Task objective. Line count for the string "Squnion": give the number of lines in the data below that contain it, and nothing more.

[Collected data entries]
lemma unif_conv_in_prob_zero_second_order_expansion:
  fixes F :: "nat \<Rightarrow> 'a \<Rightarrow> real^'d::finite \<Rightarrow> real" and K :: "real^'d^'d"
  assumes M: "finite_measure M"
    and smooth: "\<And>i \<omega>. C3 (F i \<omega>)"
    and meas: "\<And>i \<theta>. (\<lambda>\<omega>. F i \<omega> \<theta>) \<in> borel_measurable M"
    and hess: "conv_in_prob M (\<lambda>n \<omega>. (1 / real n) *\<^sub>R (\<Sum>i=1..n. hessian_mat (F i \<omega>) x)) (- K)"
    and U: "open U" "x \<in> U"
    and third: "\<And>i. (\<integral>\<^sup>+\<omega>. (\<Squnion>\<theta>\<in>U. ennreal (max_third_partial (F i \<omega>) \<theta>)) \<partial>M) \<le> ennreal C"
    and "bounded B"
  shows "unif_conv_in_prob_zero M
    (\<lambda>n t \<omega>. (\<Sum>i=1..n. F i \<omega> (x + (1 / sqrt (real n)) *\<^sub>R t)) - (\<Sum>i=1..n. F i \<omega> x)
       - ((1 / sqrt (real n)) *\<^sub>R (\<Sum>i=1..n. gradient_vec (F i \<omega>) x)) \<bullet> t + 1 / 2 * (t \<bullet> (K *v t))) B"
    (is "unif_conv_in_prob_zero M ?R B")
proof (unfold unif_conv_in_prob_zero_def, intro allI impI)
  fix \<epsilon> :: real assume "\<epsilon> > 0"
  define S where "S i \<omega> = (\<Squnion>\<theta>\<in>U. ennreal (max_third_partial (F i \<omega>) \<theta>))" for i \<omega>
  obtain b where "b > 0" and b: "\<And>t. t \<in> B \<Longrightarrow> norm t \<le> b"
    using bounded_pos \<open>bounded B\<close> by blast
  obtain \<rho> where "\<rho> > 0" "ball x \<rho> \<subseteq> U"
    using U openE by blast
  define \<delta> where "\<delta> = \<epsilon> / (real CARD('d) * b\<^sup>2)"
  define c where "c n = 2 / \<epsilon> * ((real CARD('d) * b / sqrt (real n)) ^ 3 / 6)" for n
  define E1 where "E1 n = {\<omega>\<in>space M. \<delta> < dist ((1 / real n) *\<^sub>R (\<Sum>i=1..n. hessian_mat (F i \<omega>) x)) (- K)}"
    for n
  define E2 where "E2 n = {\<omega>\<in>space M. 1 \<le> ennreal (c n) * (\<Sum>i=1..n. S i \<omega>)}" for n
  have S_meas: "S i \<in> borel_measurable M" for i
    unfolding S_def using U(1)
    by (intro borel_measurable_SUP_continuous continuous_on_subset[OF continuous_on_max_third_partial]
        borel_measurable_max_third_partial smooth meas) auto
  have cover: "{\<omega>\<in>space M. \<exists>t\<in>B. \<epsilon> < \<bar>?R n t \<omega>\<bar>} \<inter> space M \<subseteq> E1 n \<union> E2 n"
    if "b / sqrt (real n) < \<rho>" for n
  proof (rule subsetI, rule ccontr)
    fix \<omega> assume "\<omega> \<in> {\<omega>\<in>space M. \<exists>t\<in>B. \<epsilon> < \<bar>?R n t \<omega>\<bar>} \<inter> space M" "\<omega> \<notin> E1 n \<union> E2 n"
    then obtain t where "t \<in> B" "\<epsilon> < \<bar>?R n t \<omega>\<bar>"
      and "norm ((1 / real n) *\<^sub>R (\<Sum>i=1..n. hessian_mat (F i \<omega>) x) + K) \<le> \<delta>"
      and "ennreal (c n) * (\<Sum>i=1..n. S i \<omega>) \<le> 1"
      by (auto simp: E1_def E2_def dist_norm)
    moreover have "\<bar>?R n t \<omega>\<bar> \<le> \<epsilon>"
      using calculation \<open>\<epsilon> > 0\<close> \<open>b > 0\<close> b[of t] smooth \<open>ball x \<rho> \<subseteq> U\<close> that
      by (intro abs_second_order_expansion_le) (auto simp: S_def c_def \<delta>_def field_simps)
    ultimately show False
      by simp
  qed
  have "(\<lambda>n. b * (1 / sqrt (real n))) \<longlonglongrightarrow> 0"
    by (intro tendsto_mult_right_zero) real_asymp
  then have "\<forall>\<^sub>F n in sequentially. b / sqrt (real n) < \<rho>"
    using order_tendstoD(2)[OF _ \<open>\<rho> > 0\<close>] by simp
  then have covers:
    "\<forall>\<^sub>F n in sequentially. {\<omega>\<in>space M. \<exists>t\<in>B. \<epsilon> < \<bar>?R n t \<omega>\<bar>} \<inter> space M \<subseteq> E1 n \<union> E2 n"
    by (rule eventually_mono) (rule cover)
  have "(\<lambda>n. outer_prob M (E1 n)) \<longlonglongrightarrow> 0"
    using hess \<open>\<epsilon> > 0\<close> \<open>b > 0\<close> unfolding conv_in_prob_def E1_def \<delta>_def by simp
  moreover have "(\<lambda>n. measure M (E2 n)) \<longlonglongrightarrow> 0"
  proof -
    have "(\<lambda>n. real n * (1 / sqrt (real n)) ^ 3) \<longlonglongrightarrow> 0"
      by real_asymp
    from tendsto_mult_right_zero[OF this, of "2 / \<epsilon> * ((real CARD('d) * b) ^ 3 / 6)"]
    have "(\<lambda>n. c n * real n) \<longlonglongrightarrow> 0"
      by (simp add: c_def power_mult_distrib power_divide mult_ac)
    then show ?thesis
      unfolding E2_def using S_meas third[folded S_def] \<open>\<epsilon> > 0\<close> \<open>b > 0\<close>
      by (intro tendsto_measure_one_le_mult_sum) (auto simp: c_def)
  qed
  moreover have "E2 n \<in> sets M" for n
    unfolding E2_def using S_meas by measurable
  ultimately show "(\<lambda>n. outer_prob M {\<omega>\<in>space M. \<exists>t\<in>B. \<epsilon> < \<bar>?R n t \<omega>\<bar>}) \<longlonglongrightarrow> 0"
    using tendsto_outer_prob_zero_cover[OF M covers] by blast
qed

Response to the task. 2